Can I mix pre-launched workers with automatically launched workers?
===================================================================
Yes. If the --split is greater than the number of pre-launched workers
you provide via the --workers option then Cloudtask will launch
additional workers to satisfy the configured split.
For example, if you provide a list of 5 pre-launched worker IP addresses
and specify a task split of 15 then Cloudtask will launch an additional
10 workers automatically.
When are workers automatically destroyed?
=========================================
To minimize cloud server usage fees, Cloudtask destroys workers it
launches as soon as it runs out of work for them to do.

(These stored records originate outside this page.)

lemma dual_sol_if_normal:
  fixes A :: "real^'n::finite^'m::finite"
  assumes x: "x \<in> boxK l u" and Ax: "A *v x = b"
    and normal: "\<forall>z\<in>boxK l u. 0 \<le> (c - transpose A *v y) \<bullet> (z - x)"
  shows "dual_sol A b c l u y"
proof -
  have "(transpose A *v y - c) \<bullet> z \<le> (transpose A *v y - c) \<bullet> x" if "z \<in> boxK l u" for z
  proof -
    have "0 \<le> (c - transpose A *v y) \<bullet> (z - x)"
      using normal that by blast
    then show ?thesis
      by (simp add: inner_diff_left inner_diff_right)
  qed
  then have "supp_fun (boxK l u) (transpose A *v y - c) = ereal ((transpose A *v y - c) \<bullet> x)"
    unfolding supp_fun_def by (intro antisym SUP_least SUP_upper x) simp
  moreover have "(transpose A *v y - c) \<bullet> x = b \<bullet> y - c \<bullet> x"
    using Ax by (simp only: inner_diff_left inner_transpose_mult inner_commute[of y])
  ultimately have "dual_obj A b c l u y = ereal (c \<bullet> x)"
    by (simp add: dual_obj_def)
  then show ?thesis
    using dual_obj_le_primal[OF x Ax] by (simp add: dual_sol_def)
qed

lemma Lsig_minimizer_dual_sol:
  fixes A :: "real^'n::finite^'m::finite"
  assumes \<sigma>: "\<sigma> > 0" and x: "primal_sol A b c l u x"
    and min: "\<And>y'. Lsig A b c l u \<sigma> y x \<le> Lsig A b c l u \<sigma> y' x"
  shows "dual_sol A b c l u y"
proof -
  let ?p = "prox_point A c l u \<sigma> x y"
  have xK: "x \<in> boxK l u" and Ax: "A *v x = b"
    using x by (auto simp: primal_sol_def)
  then have ne: "boxK l u \<noteq> {}"
    by blast
  have Ap: "A *v ?p = b"
    using Lsig_minimizer_feasible[OF \<sigma> ne min] .
  have "c \<bullet> x \<le> c \<bullet> ?p"
    using x projK_in_boxK[OF ne] Ap by (simp add: primal_sol_def)
  moreover have "0 \<le> (1 / (2 * \<sigma>)) * (norm (?p - x))\<^sup>2"
    using \<sigma> by simp
  ultimately have "(1 / (2 * \<sigma>)) * (norm (x - ?p))\<^sup>2 \<le> 0"
    using prox_point_optimal[OF \<sigma> Ap xK Ax] by simp
  then have "(norm (x - ?p))\<^sup>2 \<le> 0"
    using \<sigma> by (simp add: divide_le_0_iff)
  then have "?p = x"
    by simp
  then have "\<forall>z\<in>boxK l u. 0 \<le> (c - transpose A *v y) \<bullet> (z - x)"
    using prox_point_normal[OF \<sigma>, where A=A and c=c and x=x and y=y and l=l and u=u] by simp
  then show ?thesis
    by (rule dual_sol_if_normal[OF xK Ax])
qed

section \<open>Boundedness of the Snipal iterates\<close>

lemma snipal_step_inner_le:
  fixes A :: "real^'n::finite^'m::finite"
  assumes \<sigma>: "\<sigma> > 0" and xs: "xs \<in> boxK l u" "A *v xs = b"
    and saddle: "\<forall>w\<in>boxK l u. 0 \<le> (c - transpose A *v ys) \<bullet> (w - xs)"
    and xn: "xn = prox_point A c l u \<sigma> x yn"
  shows "(x - xn) \<bullet> (xs - xn)
    \<le> \<tau> * ((ys - yn) \<bullet> (yn - y)) + \<sigma> * ((yn - ys) \<bullet> grad_psi A b c l u \<sigma> \<tau> x y yn)"
proof -
  define g where "g = grad_psi A b c l u \<sigma> \<tau> x y yn"
  define W where "W = c - transpose A *v yn"
  have xnK: "xn \<in> boxK l u"
    unfolding xn using projK_in_boxK xs(1) by blast
  have "x + \<sigma> *\<^sub>R (transpose A *v yn - c) = x - \<sigma> *\<^sub>R W"
    unfolding W_def by (simp add: algebra_simps)
  then have residual: "b - A *v xn = (\<tau> / \<sigma>) *\<^sub>R (yn - y) - g"
    unfolding g_def grad_psi_def xn W_def by (simp add: algebra_simps)
  have "(x - \<sigma> *\<^sub>R W - xn) \<bullet> (xs - xn) \<le> 0"
    unfolding xn W_def by (rule projK_inner_le[OF xs(1)])
  then have proj: "(x - xn) \<bullet> (xs - xn) \<le> \<sigma> * (W \<bullet> (xs - xn))"
    by (simp add: inner_diff_left)
  have "W \<bullet> (xs - xn) = (c - transpose A *v ys) \<bullet> (xs - xn) + (ys - yn) \<bullet> (A *v (xs - xn))"
    unfolding W_def by (simp only: inner_diff_left inner_transpose_mult)
  moreover have "0 \<le> (c - transpose A *v ys) \<bullet> (xn - xs)"
    using saddle xnK by blast
  moreover have "A *v (xs - xn) = b - A *v xn"
    using xs(2) by (simp add: matrix_vector_mult_diff_distrib)
  ultimately have "W \<bullet> (xs - xn) \<le> (ys - yn) \<bullet> (b - A *v xn)"
    by (simp add: inner_diff_right)
  also have "\<dots> = (\<tau> / \<sigma>) * ((ys - yn) \<bullet> (yn - y)) + (yn - ys) \<bullet> g"
    unfolding residual by (simp add: inner_diff_right inner_diff_left)
  finally have "\<sigma> * (W \<bullet> (xs - xn)) \<le> \<sigma> * ((\<tau> / \<sigma>) * ((ys - yn) \<bullet> (yn - y)) + (yn - ys) \<bullet> g)"
    using \<sigma> by simp
  also have "\<dots> = \<tau> * ((ys - yn) \<bullet> (yn - y)) + \<sigma> * ((yn - ys) \<bullet> g)"
    using \<sigma> by (simp add: algebra_simps)
  finally show ?thesis
    using proj unfolding g_def by linarith
qed

lemma snipal_step_inequality:
  fixes A :: "real^'n::finite^'m::finite"
  assumes \<sigma>: "\<sigma> > 0" and \<tau>: "\<tau> \<ge> 0" and xs: "xs \<in> boxK l u" "A *v xs = b"
    and saddle: "\<forall>w\<in>boxK l u. 0 \<le> (c - transpose A *v ys) \<bullet> (w - xs)"
    and xn: "xn = prox_point A c l u \<sigma> x yn"
  shows "(norm (xn - xs))\<^sup>2 + \<tau> * (norm (yn - ys))\<^sup>2
    \<le> (norm (x - xs))\<^sup>2 + \<tau> * (norm (y - ys))\<^sup>2 + 2 * \<sigma> * ((yn - ys) \<bullet> grad_psi A b c l u \<sigma> \<tau> x y yn)"
proof -
  define g where "g = grad_psi A b c l u \<sigma> \<tau> x y yn"
  have "(x - xn) \<bullet> (xs - xn) \<le> \<tau> * ((ys - yn) \<bullet> (yn - y)) + \<sigma> * ((yn - ys) \<bullet> g)"
    unfolding g_def by (rule snipal_step_inner_le[OF \<sigma> xs saddle xn])
  moreover have "2 * ((x - xn) \<bullet> (xs - xn)) = (norm (x - xn))\<^sup>2 + (norm (xs - xn))\<^sup>2 - (norm (x - xs))\<^sup>2"
    using dot_norm_neg[of "x - xn" "xs - xn"] by simp
  moreover have "2 * ((ys - yn) \<bullet> (yn - y)) = (norm (ys - y))\<^sup>2 - (norm (ys - yn))\<^sup>2 - (norm (yn - y))\<^sup>2"
    using dot_norm[of "ys - yn" "yn - y"] by simp
  then have "2 * (\<tau> * ((ys - yn) \<bullet> (yn - y)))
      = \<tau> * (norm (y - ys))\<^sup>2 - \<tau> * (norm (yn - ys))\<^sup>2 - \<tau> * (norm (yn - y))\<^sup>2"
    by (simp only: norm_minus_commute[of ys] mult.left_commute[of 2] flip: right_diff_distrib)
  moreover have "0 \<le> \<tau> * (norm (yn - y))\<^sup>2"
    using \<tau> by simp
  moreover have "2 * \<sigma> * ((yn - ys) \<bullet> g) = 2 * (\<sigma> * ((yn - ys) \<bullet> g))"
    by simp
  ultimately show ?thesis
    unfolding g_def norm_minus_commute[of xs xn] using zero_le_power2[of "norm (x - xn)"] by linarith
qed

lemma le_add_twice_if_sq_le:
  fixes R r e :: real
  assumes "0 \<le> R" "0 \<le> r" "0 \<le> e" "R\<^sup>2 \<le> r\<^sup>2 + 2 * e * R"
  shows "R \<le> r + 2 * e"
proof -
  have "(R - e)\<^sup>2 = R\<^sup>2 - 2 * e * R + e\<^sup>2" "(r + e)\<^sup>2 = r\<^sup>2 + 2 * (r * e) + e\<^sup>2"
    by (simp_all add: power2_eq_square algebra_simps)
  then have "(R - e)\<^sup>2 \<le> (r + e)\<^sup>2"
    using assms mult_nonneg_nonneg[of r e] by linarith
  then have "R - e \<le> r + e"
    using power2_le_imp_le add_nonneg_nonneg[OF assms(2,3)] by blast
  then show ?thesis
    by simp
qed

lemma snipal_step_fejer:
  fixes A :: "real^'n::finite^'m::finite"
  assumes \<sigma>: "\<sigma> > 0" and \<tau>: "\<tau> > 0" "0 \<le> \<tau>'" "\<tau>' \<le> \<tau>" and \<epsilon>: "\<epsilon> \<ge> 0"
    and xs: "xs \<in> boxK l u" "A *v xs = b"
    and saddle: "\<forall>w\<in>boxK l u. 0 \<le> (c - transpose A *v ys) \<bullet> (w - xs)"
    and xn: "xn = prox_point A c l u \<sigma> x yn"
    and stop: "norm (grad_psi A b c l u \<sigma> \<tau> x y yn) \<le> min (sqrt \<tau>) 1 / \<sigma> * \<epsilon>"
  shows "sqrt ((norm (xn - xs))\<^sup>2 + \<tau>' * (norm (yn - ys))\<^sup>2)
    \<le> sqrt ((norm (x - xs))\<^sup>2 + \<tau> * (norm (y - ys))\<^sup>2) + 2 * \<epsilon>"
proof -
  define g where "g = grad_psi A b c l u \<sigma> \<tau> x y yn"
  define R where "R = sqrt ((norm (xn - xs))\<^sup>2 + \<tau> * (norm (yn - ys))\<^sup>2)"
  define r where "r = sqrt ((norm (x - xs))\<^sup>2 + \<tau> * (norm (y - ys))\<^sup>2)"
  have "\<sigma> * norm g \<le> sqrt \<tau> * \<epsilon>"
  proof -
    have "norm g \<le> sqrt \<tau> / \<sigma> * \<epsilon>"
      using stop \<sigma> \<epsilon> unfolding g_def
      by (smt (verit) divide_right_mono min.cobounded1 mult_right_mono)
    then show ?thesis
      using \<sigma> by (simp add: field_simps)
  qed
  moreover have "sqrt \<tau> * norm (yn - ys) = sqrt (\<tau> * (norm (yn - ys))\<^sup>2)"
    by (simp add: real_sqrt_mult)
  then have "sqrt \<tau> * norm (yn - ys) \<le> R"
    unfolding R_def by (simp add: real_sqrt_le_mono)
  ultimately have "\<sigma> * ((yn - ys) \<bullet> g) \<le> \<epsilon> * R"
    using \<sigma> \<epsilon> norm_cauchy_schwarz[of "yn - ys" g]
    by (smt (verit) mult_left_mono mult_right_mono mult.commute mult.assoc norm_ge_zero)
  moreover have "(norm (xn - xs))\<^sup>2 + \<tau> * (norm (yn - ys))\<^sup>2
      \<le> (norm (x - xs))\<^sup>2 + \<tau> * (norm (y - ys))\<^sup>2 + 2 * \<sigma> * ((yn - ys) \<bullet> g)"
    unfolding g_def using snipal_step_inequality[OF \<sigma> _ xs saddle xn] \<tau>(1) by simp
  ultimately have "R\<^sup>2 \<le> r\<^sup>2 + 2 * \<epsilon> * R"
    unfolding R_def r_def using \<tau>(1) by simp
  moreover have "0 \<le> R" "0 \<le> r"
    unfolding R_def r_def using \<tau>(1) by simp_all
  ultimately have "R \<le> r + 2 * \<epsilon>"
    using le_add_twice_if_sq_le \<epsilon> by blast
  moreover have "sqrt ((norm (xn - xs))\<^sup>2 + \<tau>' * (norm (yn - ys))\<^sup>2) \<le> R"
    unfolding R_def using \<tau> by (intro real_sqrt_le_mono add_left_mono mult_right_mono) auto
  ultimately show ?thesis
    unfolding r_def by linarith
qed

lemma snipal_iterates_bounded:
  fixes A :: "real^'n::finite^'m::finite"
  assumes \<sigma>: "\<And>k. \<sigma> k > 0" and \<tau>: "\<And>k. \<tau> k > 0" "decseq \<tau>"
    and \<epsilon>: "\<And>k. \<epsilon> k \<ge> 0" "summable \<epsilon>"
    and xs: "xs \<in> boxK l u" "A *v xs = b"
    and saddle: "\<forall>w\<in>boxK l u. 0 \<le> (c - transpose A *v ys) \<bullet> (w - xs)"
    and x_update: "\<And>k. x (Suc k) = prox_point A c l u (\<sigma> k) (x k) (y (Suc k))"
    and stop: "\<And>k. norm (grad_psi A b c l u (\<sigma> k) (\<tau> k) (x k) (y k) (y (Suc k)))
                  \<le> min (sqrt (\<tau> k)) 1 / \<sigma> k * \<epsilon> k"
  obtains B where "\<And>k. norm (x k - xs) \<le> B"
proof -
  define r where "r k = sqrt ((norm (x k - xs))\<^sup>2 + \<tau> k * (norm (y k - ys))\<^sup>2)" for k
  have step: "r (Suc k) \<le> r k + 2 * \<epsilon> k" for k
    unfolding r_def
    using \<tau>(1)[of "Suc k"] decseqD[OF \<tau>(2), of k "Suc k"]
    by (intro snipal_step_fejer[OF \<sigma>[of k] \<tau>(1)[of k] _ _ \<epsilon>(1)[of k] xs saddle x_update[of k] stop[of k]])
      auto
  have partial_sums: "r k \<le> r 0 + 2 * (\<Sum>i<k. \<epsilon> i)" for k
  proof (induction k)
    case (Suc k)
    then show ?case using step[of k] by simp
  qed simp
  have "norm (x k - xs) \<le> r 0 + 2 * suminf \<epsilon>" for k
  proof -
    have "norm (x k - xs) \<le> r k"
      unfolding r_def using \<tau>(1)[of k] by (intro real_le_rsqrt) simp
    moreover have "(\<Sum>i<k. \<epsilon> i) \<le> suminf \<epsilon>"
      using \<epsilon> by (intro sum_le_suminf) auto
    ultimately show ?thesis
      using partial_sums[of k] by linarith
  qed
  then show thesis
    by (rule that)
qed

But Cloudtask only takes responsibility for the destruction of workers
it launches automatically. You can also launch workers by hand using the
cloudtask-launch-workers command and pass them to cloudtask using the
--workers option. In that case you are responsibile for worker
destruction (e.g., using the cloudtask-destroy-workers command).
How do I abort a task?
======================
You can abort a task safely at any time by either:
1) Pressing CTRL-C on the console in which cloudtask is executing.
2) Use kill to send the TERM signal to cloudtask session pid.
What happens when I abort a task?
=================================
The execution of all currently running jobs is immediately aborted. Any
worker instance that was automatically launched by cloudtask is
destroyed as soon as possible.
To allow an aborted session to be later resumed, the current state of
the task is saved in the task session. The state describes which jobs
have finished executing and which jobs are still in the pending state.
When the task is resumed any aborted jobs will be re-executed along with
the other pending jobs.
Aborting a task is not immediate because it can take anywhere from a few
seconds to to a few minutes to safely shut down a task. For example EC2
instances in the pending state can not be destroyed so cloudtask has to
wait for them to reach the running state first.